::: Source material
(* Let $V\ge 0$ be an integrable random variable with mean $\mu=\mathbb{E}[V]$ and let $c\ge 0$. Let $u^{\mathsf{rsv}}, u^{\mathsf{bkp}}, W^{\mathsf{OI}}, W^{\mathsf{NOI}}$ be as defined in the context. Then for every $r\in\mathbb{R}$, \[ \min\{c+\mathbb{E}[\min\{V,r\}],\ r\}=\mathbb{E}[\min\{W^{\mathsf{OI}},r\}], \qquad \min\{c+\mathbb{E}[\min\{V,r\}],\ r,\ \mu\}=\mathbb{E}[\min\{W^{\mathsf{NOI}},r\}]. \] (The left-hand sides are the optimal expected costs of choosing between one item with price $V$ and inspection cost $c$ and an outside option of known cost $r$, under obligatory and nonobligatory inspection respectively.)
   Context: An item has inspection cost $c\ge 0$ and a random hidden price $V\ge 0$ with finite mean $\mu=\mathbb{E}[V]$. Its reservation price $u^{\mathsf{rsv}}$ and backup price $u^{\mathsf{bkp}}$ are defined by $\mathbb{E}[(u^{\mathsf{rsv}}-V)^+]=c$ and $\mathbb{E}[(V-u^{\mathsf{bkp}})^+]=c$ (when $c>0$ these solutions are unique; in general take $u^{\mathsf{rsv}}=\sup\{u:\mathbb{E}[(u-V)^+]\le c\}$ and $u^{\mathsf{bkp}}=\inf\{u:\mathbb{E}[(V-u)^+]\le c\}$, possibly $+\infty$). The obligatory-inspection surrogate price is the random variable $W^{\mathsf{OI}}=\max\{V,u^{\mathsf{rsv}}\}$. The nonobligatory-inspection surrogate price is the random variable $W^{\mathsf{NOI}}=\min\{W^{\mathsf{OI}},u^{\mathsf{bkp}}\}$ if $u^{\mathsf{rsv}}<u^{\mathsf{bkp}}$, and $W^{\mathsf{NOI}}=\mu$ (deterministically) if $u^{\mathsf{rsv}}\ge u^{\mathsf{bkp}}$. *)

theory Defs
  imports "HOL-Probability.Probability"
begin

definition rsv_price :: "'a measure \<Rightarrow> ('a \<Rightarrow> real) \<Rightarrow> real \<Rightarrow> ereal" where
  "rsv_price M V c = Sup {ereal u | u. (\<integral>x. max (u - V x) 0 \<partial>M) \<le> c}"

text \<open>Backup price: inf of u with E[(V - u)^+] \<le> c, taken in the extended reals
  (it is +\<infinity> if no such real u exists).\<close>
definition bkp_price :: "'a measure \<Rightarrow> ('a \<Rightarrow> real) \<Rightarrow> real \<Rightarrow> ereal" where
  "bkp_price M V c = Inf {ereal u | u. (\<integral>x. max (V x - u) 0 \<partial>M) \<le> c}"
::::::
::: Source material
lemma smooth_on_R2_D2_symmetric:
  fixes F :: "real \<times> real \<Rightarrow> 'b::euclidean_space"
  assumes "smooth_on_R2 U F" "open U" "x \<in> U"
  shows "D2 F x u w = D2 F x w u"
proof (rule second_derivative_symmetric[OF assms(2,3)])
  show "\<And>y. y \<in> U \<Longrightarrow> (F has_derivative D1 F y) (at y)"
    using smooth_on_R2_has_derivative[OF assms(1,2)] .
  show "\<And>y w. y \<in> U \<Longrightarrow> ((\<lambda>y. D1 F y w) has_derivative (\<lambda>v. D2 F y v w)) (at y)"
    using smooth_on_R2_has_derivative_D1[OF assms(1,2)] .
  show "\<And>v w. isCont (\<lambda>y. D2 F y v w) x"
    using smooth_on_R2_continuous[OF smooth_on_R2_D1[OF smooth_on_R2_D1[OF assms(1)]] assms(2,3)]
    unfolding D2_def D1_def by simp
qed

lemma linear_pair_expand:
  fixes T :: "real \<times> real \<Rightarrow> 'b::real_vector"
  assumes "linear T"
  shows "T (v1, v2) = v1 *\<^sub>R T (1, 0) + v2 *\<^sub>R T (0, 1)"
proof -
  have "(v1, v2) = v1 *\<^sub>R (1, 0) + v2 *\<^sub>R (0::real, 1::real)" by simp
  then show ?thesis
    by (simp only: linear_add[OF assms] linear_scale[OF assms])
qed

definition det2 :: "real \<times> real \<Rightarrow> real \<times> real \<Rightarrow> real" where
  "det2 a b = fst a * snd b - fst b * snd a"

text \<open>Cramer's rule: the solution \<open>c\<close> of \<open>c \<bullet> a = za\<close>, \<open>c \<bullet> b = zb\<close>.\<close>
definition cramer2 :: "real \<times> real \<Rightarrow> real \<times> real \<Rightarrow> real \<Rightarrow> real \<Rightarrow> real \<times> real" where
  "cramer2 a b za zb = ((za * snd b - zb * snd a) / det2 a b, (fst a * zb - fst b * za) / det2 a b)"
::::::
::: Source material
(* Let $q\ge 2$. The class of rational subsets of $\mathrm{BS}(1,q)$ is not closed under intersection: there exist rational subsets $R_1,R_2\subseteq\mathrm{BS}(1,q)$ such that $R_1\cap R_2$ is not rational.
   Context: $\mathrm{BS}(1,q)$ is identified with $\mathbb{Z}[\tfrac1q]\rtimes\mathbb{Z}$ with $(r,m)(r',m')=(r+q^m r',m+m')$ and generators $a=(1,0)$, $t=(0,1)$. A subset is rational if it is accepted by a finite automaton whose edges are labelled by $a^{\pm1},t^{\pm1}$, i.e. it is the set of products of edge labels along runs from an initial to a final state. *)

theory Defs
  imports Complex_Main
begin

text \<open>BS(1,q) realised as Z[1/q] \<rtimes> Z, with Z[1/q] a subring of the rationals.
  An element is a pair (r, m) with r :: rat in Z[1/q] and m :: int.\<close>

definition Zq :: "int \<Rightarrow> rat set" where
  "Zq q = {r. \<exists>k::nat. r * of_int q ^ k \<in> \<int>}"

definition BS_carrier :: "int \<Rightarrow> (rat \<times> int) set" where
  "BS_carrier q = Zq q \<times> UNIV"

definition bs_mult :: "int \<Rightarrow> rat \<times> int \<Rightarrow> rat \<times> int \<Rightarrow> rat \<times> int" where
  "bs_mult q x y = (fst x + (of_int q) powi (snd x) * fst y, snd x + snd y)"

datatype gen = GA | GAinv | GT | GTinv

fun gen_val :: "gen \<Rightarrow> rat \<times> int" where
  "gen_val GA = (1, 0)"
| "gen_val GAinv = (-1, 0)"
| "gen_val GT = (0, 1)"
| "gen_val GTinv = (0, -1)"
::::::
- Required action
Find the line with "fst a * snd" in the entries above. Retype it and each line after it, exactly, through the line with "real \<Rightarrow> real \<Rightarrow>", and stop there.

- Answer box
  "det2 a b = fst a * snd b - fst b * snd a"

text \<open>Cramer's rule: the solution \<open>c\<close> of \<open>c \<bullet> a = za\<close>, \<open>c \<bullet> b = zb\<close>.\<close>
definition cramer2 :: "real \<times> real \<Rightarrow> real \<times> real \<Rightarrow> real \<Rightarrow> real \<Rightarrow> real \<times> real" where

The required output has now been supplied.